Nerd talk starts here

TL;DR: oh hi i upgraded your RAM

Myths:
The recent site problems are because reddit moved to EC2 -- False
The only reason we were able to fix this at all is because we are on EC2 and were able to quickly spin up new instances. In fact, we just had to do it again this morning because we needed even more RAM.

But I swear it's been slow since you moved to EC2! -- False
We moved to EC2 in May 2009. We only started getting reports of slowness about three weeks ago, which we could also see in our logs and monitoring. The number of reports got worse as time went on, but we didn't see it ourselves, so it was hard to track down a specific cause.

reddit is just text, so you guys are clearly morons -- False
While reddit is just text when it leaves our servers, there is a whole lot going on under the hood. It is a highly customized user experience, on par with something like Facebook (just not as many users). We do 100's of transactions every second. While we may be doing some things wrong, it's a lot more than just 'select * from comments where article = "foo"'

Let's start at the beginning. Here is a simplified version of reddit's architecture:



The area where we are having trouble right now is that purple section in the middle that says "memcaches". Specifically, we are having problems with memcachedb, which is where we store a bunch of precomputed listings, like all the listing pages, profile pages, inboxes; pretty much any list on reddit that is too expensive to calculate on the fly.

A few years ago, we decided to md5 all of our cache keys. We did this because at the time memcached (which is what memcachedb is based on) could only take keys of a certain length. In fact, the version it is based on still has this limitation. MD5ing the keys was a good solution to this problem, so we thought.

It turns out that this one little decision makes it so that we can't horizontally scale that layer of our architecture without losing all the data already there (because all of the keys would point to the wrong server if we added a new one). While we could recalculate all the data, it would take weeks to do so.

And that is in fact what we will be doing. Memcachedb has served us well, but it is getting old.
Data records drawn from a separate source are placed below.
lemma countably_separated_sequence:
  assumes "countably_separated T S R"
  obtains A B :: "nat \<Rightarrow> 'a set"
  where "\<And>n. openin T (A n)" "\<And>n. openin T (B n)" "\<And>n. T closure_of (A n) \<subseteq> B n"
    and "\<And>x y. x \<in> S \<Longrightarrow> y \<in> R \<Longrightarrow> \<exists>n. x \<in> A n \<and> y \<notin> B n"
proof -
  obtain P where "countable P" and P: "separating_pairs T P S R"
    using assms unfolding countably_separated_def by blast
  (* The dummy pair makes the family nonempty, so that it can be enumerated. *)
  define e where "e = from_nat_into (insert ({}, topspace T) P)"
  have range_e: "range e = insert ({}, topspace T) P"
    unfolding e_def using \<open>countable P\<close> by simp
  show thesis
  proof (rule that[of "\<lambda>n. fst (e n)" "\<lambda>n. snd (e n)"])
    fix n
    obtain A B where e_n: "e n = (A, B)"
      by fastforce
    then have "(A, B) = ({}, topspace T) \<or> (A, B) \<in> P"
      using range_e by (metis insertE rangeI)
    then show "openin T (fst (e n))" "openin T (snd (e n))" "T closure_of (fst (e n)) \<subseteq> snd (e n)"
      using P e_n unfolding separating_pairs_def by (auto simp: closure_of_subset_topspace)
  next
    fix x y assume "x \<in> S" "y \<in> R"
    then obtain A B where "(A, B) \<in> P" "x \<in> A" "y \<notin> B"
      using P unfolding separating_pairs_def by blast
    moreover have "(A, B) \<in> range e"
      using \<open>(A, B) \<in> P\<close> range_e by blast
    ultimately show "\<exists>n. x \<in> fst (e n) \<and> y \<notin> snd (e n)"
      by (metis fst_conv rangeE snd_conv)
  qed
qed

section \<open>Subspaces countably separated from their complement\<close>

lemma countably_separated_imp_p_space_wrt:
  assumes "F \<subseteq> topspace T" and "countably_separated T (topspace T - F) F"
  shows "p_space_wrt T F"
proof -
  obtain A B :: "nat \<Rightarrow> 'a set"
    where A: "\<And>n. openin T (A n)" and B: "\<And>n. openin T (B n)"
      and AB: "\<And>n. T closure_of (A n) \<subseteq> B n"
      and sep: "\<And>x y. x \<in> topspace T - F \<Longrightarrow> y \<in> F \<Longrightarrow> \<exists>n. x \<in> A n \<and> y \<notin> B n"
    by (rule countably_separated_sequence[OF assms(2)]) (rule that)
  (* The n separating a point z outside F from y keeps z out of the star of y in \<G> n. *)
  define \<G> where "\<G> n = {topspace T - T closure_of (A n), B n}" for n
  have "\<forall>n. \<forall>U\<in>\<G> n. openin T U"
    unfolding \<G>_def using B by auto
  moreover have "y \<in> (\<Inter>n. \<Union>{U\<in>\<G> n. y \<in> U}) \<and> (\<Inter>n. \<Union>{U\<in>\<G> n. y \<in> U}) \<subseteq> F"
    if y: "y \<in> F" for y
  proof
    have "y \<in> topspace T - T closure_of (A n)" if "y \<notin> B n" for n
      using y assms(1) AB[of n] that by blast
    then show "y \<in> (\<Inter>n. \<Union>{U\<in>\<G> n. y \<in> U})"
      unfolding \<G>_def by blast
    show "(\<Inter>n. \<Union>{U\<in>\<G> n. y \<in> U}) \<subseteq> F"
    proof
      fix z assume z: "z \<in> (\<Inter>n. \<Union>{U\<in>\<G> n. y \<in> U})"
      then have "z \<in> topspace T"
        unfolding \<G>_def using B openin_subset by fastforce
      show "z \<in> F"
      proof (rule ccontr)
        assume "z \<notin> F"
        then obtain n where "z \<in> A n" "y \<notin> B n"
          using sep \<open>z \<in> topspace T\<close> y by blast
        moreover have "A n \<subseteq> T closure_of (A n)"
          using A by (simp add: closure_of_subset openin_subset)
        ultimately show False
          using z unfolding \<G>_def by blast
      qed
    qed
  qed
  ultimately show ?thesis
    unfolding p_space_wrt_def by blast
qed

lemma countably_separated_imp_s_space_wrt:
  assumes "F \<subseteq> topspace T" and "countably_separated T (topspace T - F) F"
  shows "s_space_wrt T F"
proof -
  obtain A B :: "nat \<Rightarrow> 'a set"
    where A: "\<And>n. openin T (A n)" and "\<And>n. openin T (B n)"
      and AB: "\<And>n. T closure_of (A n) \<subseteq> B n"
      and sep: "\<And>x y. x \<in> topspace T - F \<Longrightarrow> y \<in> F \<Longrightarrow> \<exists>n. x \<in> A n \<and> y \<notin> B n"
    by (rule countably_separated_sequence[OF assms(2)]) (rule that)
  define \<C> where "\<C> = insert (topspace T) (range (\<lambda>n. topspace T - T closure_of (A n)))"
  define \<D> where "\<D> y = insert (topspace T) {topspace T - T closure_of (A n) |n. y \<notin> B n}" for y
  have "\<Inter>(\<D> y) \<in> delta_family \<C>" for y
    unfolding delta_family_def \<C>_def \<D>_def by blast
  moreover have "y \<in> \<Inter>(\<D> y)" if "y \<in> F" for y
    using that assms(1) AB unfolding \<D>_def by blast
  moreover have "\<Inter>(\<D> y) \<subseteq> F" if y: "y \<in> F" for y
  proof
    fix z assume z: "z \<in> \<Inter>(\<D> y)"
    show "z \<in> F"
    proof (rule ccontr)
      assume "z \<notin> F"
      then obtain n where "z \<in> A n" "y \<notin> B n"
        using sep z y unfolding \<D>_def by blast
      moreover have "A n \<subseteq> T closure_of (A n)"
        using A by (simp add: closure_of_subset openin_subset)
      ultimately show False
        using z unfolding \<D>_def by blast
    qed
  qed
  ultimately have "F \<in> delta_sigma_family \<C>"
    unfolding delta_sigma_family_def
    by (intro CollectI exI[of _ "(\<lambda>y. \<Inter>(\<D> y)) ` F"]) blast
  moreover have "countable \<C>" "\<forall>C\<in>\<C>. openin T C"
    unfolding \<C>_def by auto
  ultimately show ?thesis
    unfolding s_space_wrt_def source_for_def by blast
qed

lemma countable_compact_network_imp_Lindelof_space:
  assumes "F \<subseteq> topspace T" and "countable \<K>" and "\<And>K. K \<in> \<K> \<Longrightarrow> compactin T K"
    and "\<And>W y. openin T W \<Longrightarrow> F \<subseteq> W \<Longrightarrow> y \<in> F \<Longrightarrow> \<exists>K\<in>\<K>. y \<in> K \<and> K \<subseteq> W"
  shows "Lindelof_space (subtopology T F)"
  unfolding Lindelof_space_subtopology_subset[OF assms(1)]
proof (intro allI impI, elim conjE)
  fix \<U> assume \<U>: "\<forall>U\<in>\<U>. openin T U" and F: "F \<subseteq> \<Union>\<U>"
  define \<K>' where "\<K>' = {K \<in> \<K>. K \<subseteq> \<Union>\<U>}"
  have "\<forall>K\<in>\<K>'. \<exists>\<V>. finite \<V> \<and> \<V> \<subseteq> \<U> \<and> K \<subseteq> \<Union>\<V>"
    using assms(3) \<U> unfolding \<K>'_def by (blast intro: compactinD)
  from bchoice[OF this] obtain f
    where f: "\<forall>K\<in>\<K>'. finite (f K) \<and> f K \<subseteq> \<U> \<and> K \<subseteq> \<Union>(f K)"
    by blast
  have "countable \<K>'"
    unfolding \<K>'_def using assms(2) by (rule countable_subset[rotated]) blast
  moreover have "countable (f K)" if "K \<in> \<K>'" for K
    using f that by (simp add: countable_finite)
  ultimately have "countable (\<Union>(f ` \<K>'))"
    by (rule countable_UN)
  moreover have "\<Union>(f ` \<K>') \<subseteq> \<U>"
    using f by blast
  moreover have "F \<subseteq> \<Union>(\<Union>(f ` \<K>'))"
  proof
    fix y assume "y \<in> F"
    then obtain K where K: "K \<in> \<K>'" "y \<in> K"
      using assms(4)[of "\<Union>\<U>" y] \<U> F unfolding \<K>'_def by blast
    then have "y \<in> \<Union>(f K)"
      using f by blast
    then show "y \<in> \<Union>(\<Union>(f ` \<K>'))"
      using K(1) by blast
  qed
  ultimately show "\<exists>\<V>. countable \<V> \<and> \<V> \<subseteq> \<U> \<and> F \<subseteq> \<Union>\<V>"
    by blast
qed

lemma compact_space_finite_cover_outside_open:
  assumes "compact_space T" and "openin T W" and "\<And>i. i \<in> I \<Longrightarrow> openin T (A i)"
    and "topspace T - W \<subseteq> (\<Union>i\<in>I. A i)"
  obtains N where "finite N" "N \<subseteq> I" "topspace T - (\<Union>i\<in>N. A i) \<subseteq> W"
proof -
  have "compactin T (topspace T - W)"
    using assms(1,2) by (simp add: closedin_compact_space closedin_diff)
  then obtain \<A> where "finite \<A>" "\<A> \<subseteq> A ` I" "topspace T - W \<subseteq> \<Union>\<A>"
    using compactinD[of T "topspace T - W" "A ` I"] assms(3,4) by blast
  then obtain N where "finite N" "N \<subseteq> I" "\<A> = A ` N"
    using finite_subset_image[of \<A> A I] by blast
  then show thesis
    using that \<open>topspace T - W \<subseteq> \<Union>\<A>\<close> by blast
qed

lemma countably_separated_imp_Lindelof_space:
  assumes "compact_space T" and "F \<subseteq> topspace T" and "countably_separated T (topspace T - F) F"
  shows "Lindelof_space (subtopology T F)"
proof -
  obtain A B :: "nat \<Rightarrow> 'a set"
    where A: "\<And>n. openin T (A n)" and "\<And>n. openin T (B n)"
      and AB: "\<And>n. T closure_of (A n) \<subseteq> B n"
      and sep: "\<And>x y. x \<in> topspace T - F \<Longrightarrow> y \<in> F \<Longrightarrow> \<exists>n. x \<in> A n \<and> y \<notin> B n"
    by (rule countably_separated_sequence[OF assms(3)]) (rule that)
  define \<K> where "\<K> = (\<lambda>N. topspace T - (\<Union>n\<in>N. A n)) ` {N. finite N}"
  show ?thesis
  proof (rule countable_compact_network_imp_Lindelof_space[OF assms(2)])
    show "countable \<K>"
      unfolding \<K>_def by (simp add: countable_Collect_finite)
    have "closedin T (topspace T - (\<Union>n\<in>N. A n))" for N
      using A by (intro closedin_diff closedin_topspace openin_Union) auto
    then show "compactin T K" if "K \<in> \<K>" for K
      using that closedin_compact_space[OF assms(1)] unfolding \<K>_def by blast
  next
    fix W y assume W: "openin T W" "F \<subseteq> W" and y: "y \<in> F"
    have "topspace T - W \<subseteq> (\<Union>n\<in>{n. y \<notin> B n}. A n)"
      using sep y W(2) by blast
    then obtain N where "finite N" "N \<subseteq> {n. y \<notin> B n}" "topspace T - (\<Union>n\<in>N. A n) \<subseteq> W"
      using compact_space_finite_cover_outside_open[OF assms(1) W(1)] A by metis
    moreover have "y \<in> topspace T - (\<Union>n\<in>N. A n)"
      using y assms(2) calculation(2) AB closure_of_subset[OF openin_subset[OF A]] by blast
    ultimately show "\<exists>K\<in>\<K>. y \<in> K \<and> K \<subseteq> W"
      unfolding \<K>_def by blast
  qed
qed
(* Let $\ell,m,n$ be positive integers with $\ell<n$, $m<n$, $\gcd(m,n)=1$, let $k\in\mathbb{Z}^+$ and $\chi\in\mathbb{Z}$ with $|\chi|<k$, and put $\tilde\ell=\ell_k^\pm+\chi$. Then $$\tilde\ell\,d_k^\pm\bmod n_k^\pm=\big((\ell d\bmod n)\pm\chi n\big)\bmod n_k^\pm,$$ with the same choice of sign throughout.
   Context: $d\in\{1,\dots,n-1\}$ is the inverse of $m$ mod $n$. The left and right Farey roots of $\frac mn$ are the fractions $\frac{m^-}{n^-}<\frac{m^+}{n^+}$ with $m^\pm\ge0$, $n^\pm\ge1$, $m^-+m^+=m$, $n^-+n^+=n$, $m^+n^--m^-n^+=1$. Put $\ell^+=\lceil\ell n^+/n\rceil$, $\ell^-=\lfloor\ell n^-/n\rfloor$, $\ell_k^\pm=k\ell+\ell^\pm$, $m_k^\pm=km+m^\pm$, $n_k^\pm=kn+n^\pm$, and let $d_k^\pm$ be the multiplicative inverse of $m_k^\pm$ modulo $n_k^\pm$. *)

theory Defs
  imports Complex_Main "HOL-Number_Theory.Cong"
begin

text \<open>Left Farey root mm/nm and right Farey root mp/np of m/n.\<close>
definition farey_roots :: "int \<Rightarrow> int \<Rightarrow> int \<Rightarrow> int \<Rightarrow> int \<Rightarrow> int \<Rightarrow> bool" where
  "farey_roots m n mm nm mp np \<longleftrightarrow>
     mm \<ge> 0 \<and> mp \<ge> 0 \<and> nm \<ge> 1 \<and> np \<ge> 1 \<and> mm + mp = m \<and> nm + np = n \<and>
     mp * nm - mm * np = 1 \<and>
     real_of_int mm / real_of_int nm < real_of_int mp / real_of_int np"

definition is_inv_mod :: "int \<Rightarrow> int \<Rightarrow> int \<Rightarrow> bool" where
  "is_inv_mod a n b \<longleftrightarrow> b \<in> {1..n-1} \<and> [a * b = 1] (mod n)"

end

theory Submission
  imports Defs
begin

text \<open>Put \<open>r = l d mod n\<close>, so \<open>r m = l + t n\<close> for some \<open>t\<close>. The Farey determinants
  \<open>n m\<^sup>+ - m n\<^sup>+ = 1 = m n\<^sup>- - n m\<^sup>-\<close> give \<open>l n\<^sup>+ = (r m\<^sup>+ - t n\<^sup>+) n - r\<close> and
  \<open>l n\<^sup>- = (r m\<^sup>- - t n\<^sup>-) n + r\<close>; as \<open>0 \<le> r < n\<close>, this identifies \<open>l\<^sup>\<plusminus>\<close>. Then
  \<open>\<tilde>l = (r \<plusminus> \<chi> n) m\<^sub>k\<^sup>\<plusminus> - (t \<plusminus> \<chi> m) n\<^sub>k\<^sup>\<plusminus>\<close>, and multiplying by \<open>d\<^sub>k\<^sup>\<plusminus>\<close> modulo
  \<open>n\<^sub>k\<^sup>\<plusminus>\<close> leaves \<open>r \<plusminus> \<chi> n\<close>. This works for every integer \<open>\<chi>\<close>.\<close>

lemma div_eq_of_decomposition:
  fixes a q r n :: int
  assumes "a = q * n + r" "0 \<le> r" "r < n"
  shows "a div n = q"
  using assms by (simp add: div_pos_pos_trivial)

lemma floor_divide_of_decomposition:
  fixes a q r n :: int
  assumes "a = q * n + r" "0 \<le> r" "r < n"
  shows "\<lfloor>real_of_int a / real_of_int n\<rfloor> = q"
  using div_eq_of_decomposition[OF assms] by (simp add: floor_divide_of_int_eq)

lemma ceiling_divide_of_decomposition:
  fixes a q r n :: int
  assumes "a = q * n - r" "0 \<le> r" "r < n"
  shows "\<lceil>real_of_int a / real_of_int n\<rceil> = q"
proof -
  have "- a = (- q) * n + r" using assms(1) by simp
  from div_eq_of_decomposition[OF this assms(2,3)] show ?thesis
    by (simp add: ceiling_divide_eq_div)
qed

lemma mult_inverse_mod_of_combination:
  fixes a x b c u N :: int
  assumes "a = x * b + c * N" "[b * u = 1] (mod N)"
  shows "(a * u) mod N = x mod N"
proof -
  have "[a * u = x * (b * u) + (c * u) * N] (mod N)"
    using assms(1) by (simp add: algebra_simps)
  also have "[x * (b * u) + (c * u) * N = x * 1 + 0] (mod N)"
    using assms(2) by (intro cong_add cong_mult_self_right cong_mult[OF cong_refl])
  finally show ?thesis by (simp add: cong_def)
qed

lemma farey_roots_determinants:
  assumes "farey_roots m n mm nm mp np"
  shows "n * mp - m * np = 1" "m * nm - n * mm = 1"
  using assms by (auto simp: farey_roots_def algebra_simps)

lemma mod_mult_inverse_solves:
  fixes l m n d :: int
  assumes "[m * d = 1] (mod n)"
  shows "[(l * d mod n) * m = l] (mod n)"
proof -
  have "[(l * d mod n) * m = l * (m * d)] (mod n)"
    unfolding cong_def mod_mult_left_eq by (simp add: ac_simps)
  also have "[l * (m * d) = l * 1] (mod n)"
    using assms by (intro cong_mult cong_refl)
  finally show ?thesis by simp
qed

lemma mult_inverse_mod_right_root:
  fixes k l m n mp np r t \<chi> u :: int
  assumes det: "n * mp - m * np = 1" and rt: "r * m = l + t * n"
    and "0 \<le> r" "r < n"
    and "[(k * m + mp) * u = 1] (mod (k * n + np))"
  shows "((k * l + \<lceil>real_of_int (l * np) / real_of_int n\<rceil> + \<chi>) * u) mod (k * n + np)
           = (r + \<chi> * n) mod (k * n + np)"
proof -
  have "l * np = (r * mp - t * np) * n - r"
    using det rt by algebra
  then have "\<lceil>real_of_int (l * np) / real_of_int n\<rceil> = r * mp - t * np"
    using assms(3,4) by (rule ceiling_divide_of_decomposition)
  moreover have "k * l + (r * mp - t * np) + \<chi>
      = (r + \<chi> * n) * (k * m + mp) + (- (t + \<chi> * m)) * (k * n + np)"
    using det rt by algebra
  ultimately show ?thesis
    using mult_inverse_mod_of_combination assms(5) by simp
qed

lemma mult_inverse_mod_left_root:
  fixes k l m n mm nm r t \<chi> u :: int
  assumes det: "m * nm - n * mm = 1" and rt: "r * m = l + t * n"
    and "0 \<le> r" "r < n"
    and "[(k * m + mm) * u = 1] (mod (k * n + nm))"
  shows "((k * l + \<lfloor>real_of_int (l * nm) / real_of_int n\<rfloor> + \<chi>) * u) mod (k * n + nm)
           = (r - \<chi> * n) mod (k * n + nm)"
proof -
  have "l * nm = (r * mm - t * nm) * n + r"
    using det rt by algebra
  then have "\<lfloor>real_of_int (l * nm) / real_of_int n\<rfloor> = r * mm - t * nm"
    using assms(3,4) by (rule floor_divide_of_decomposition)
  moreover have "k * l + (r * mm - t * nm) + \<chi>
      = (r - \<chi> * n) * (k * m + mm) + (- (t - \<chi> * m)) * (k * n + nm)"
    using det rt by algebra
  ultimately show ?thesis
    using mult_inverse_mod_of_combination assms(5) by simp
qed

theorem lemma3p6:
  fixes l m n k \<chi> d mm nm mp np dp dm :: int
  assumes "0 < l" "0 < m" "0 < n" "l < n" "m < n" "gcd m n = 1"
    and "0 < k" "\<bar>\<chi>\<bar> < k"
    and "is_inv_mod m n d"
    and "farey_roots m n mm nm mp np"
    and "is_inv_mod (k * m + mp) (k * n + np) dp"
    and "is_inv_mod (k * m + mm) (k * n + nm) dm"
  shows "((k * l + \<lceil>real_of_int (l * np) / real_of_int n\<rceil> + \<chi>) * dp) mod (k * n + np)
           = ((l * d mod n) + \<chi> * n) mod (k * n + np)
       \<and> ((k * l + \<lfloor>real_of_int (l * nm) / real_of_int n\<rfloor> + \<chi>) * dm) mod (k * n + nm)
           = ((l * d mod n) - \<chi> * n) mod (k * n + nm)"
proof -
  define r where "r = l * d mod n"
  have r_bounds: "0 \<le> r" "r < n" using \<open>0 < n\<close> by (simp_all add: r_def)
  have "[r * m = l] (mod n)"
    using assms(9) unfolding r_def is_inv_mod_def by (blast intro: mod_mult_inverse_solves)
  then obtain t where "r * m = l + t * n"
    by (metis cong_iff_lin cong_sym mult.commute)
  with farey_roots_determinants[OF assms(10)] r_bounds assms(11,12) show ?thesis
    unfolding r_def[symmetric] is_inv_mod_def
    by (blast intro: mult_inverse_mod_right_root mult_inverse_mod_left_root)
qed

end
lemma exp_comb_dim [simp]: "dim_row (exp_comb n A x \<beta> T) = n" "dim_col (exp_comb n A x \<beta> T) = n"
  by (simp_all add: exp_comb_def)

lemma index_exp_comb:
  assumes "A \<in> carrier_mat n n" "a < n" "b < n"
  shows "exp_comb n A x \<beta> T $$ (a,b) = (\<Sum>t\<in>T. x t * mexp (\<beta> t \<cdot>\<^sub>m A) $$ (a,b))"
  using assms by (simp add: exp_comb_def)

lemma index_mult_exp_comb:
  assumes A: "A \<in> carrier_mat n n" and a: "a < n" and b: "b < n"
  shows "(exp_comb n A x \<beta> T * exp_comb n A y \<gamma> S) $$ (a,b)
       = (\<Sum>t\<in>T. \<Sum>s\<in>S. x t * y s * mexp ((\<beta> t + \<gamma> s) \<cdot>\<^sub>m A) $$ (a,b))"
proof -
  define E where "E c = mexp (c \<cdot>\<^sub>m A)" for c
  have E: "E c \<in> carrier_mat n n" for c
    using A by (simp add: E_def)
  have "(exp_comb n A x \<beta> T * exp_comb n A y \<gamma> S) $$ (a,b)
      = (\<Sum>l<n. (\<Sum>t\<in>T. x t * E (\<beta> t) $$ (a,l)) * (\<Sum>s\<in>S. y s * E (\<gamma> s) $$ (l,b)))"
    using A a b unfolding E_def
    by (simp add: index_mult_mat_sum[of _ n n _ n] index_exp_comb del: index_mult_mat)
  also have "\<dots> = (\<Sum>l<n. \<Sum>t\<in>T. \<Sum>s\<in>S. x t * y s * (E (\<beta> t) $$ (a,l) * E (\<gamma> s) $$ (l,b)))"
    by (simp add: sum_product mult_ac)
  also have "\<dots> = (\<Sum>t\<in>T. \<Sum>s\<in>S. \<Sum>l<n. x t * y s * (E (\<beta> t) $$ (a,l) * E (\<gamma> s) $$ (l,b)))"
    by (subst sum.swap) (simp add: sum.swap[of _ "{..<n}"])
  also have "\<dots> = (\<Sum>t\<in>T. \<Sum>s\<in>S. x t * y s * (E (\<beta> t) * E (\<gamma> s)) $$ (a,b))"
    using E a b by (simp add: index_mult_mat_sum[of _ n n _ n] sum_distrib_left del: index_mult_mat)
  finally show ?thesis
    using A by (simp add: E_def mexp_smult_add)
qed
It can no longer return data fast enough for our needs, due to the way it interacts with BDb (its underlying data store). We will soon be picking a new data store to replace memcachedb and recalculating all of the data for it, most likely by adding the new cache into the cache chain, and then recalculating what is left after a few weeks.

But in the mean time, what we have done is spin up 5 new instances to run memcached. This allowed us to expand the size of the memcache in front of memcachedb to 6GB (up from 2GB). Right now, this means that about 94% of each database is in RAM. As our site grows, this fix will fail us, but hopefully it buys us enough time until we can replace the data store.

As usual, if you want to tell us why we suck at our jobs, feel free to leave some comments on this post.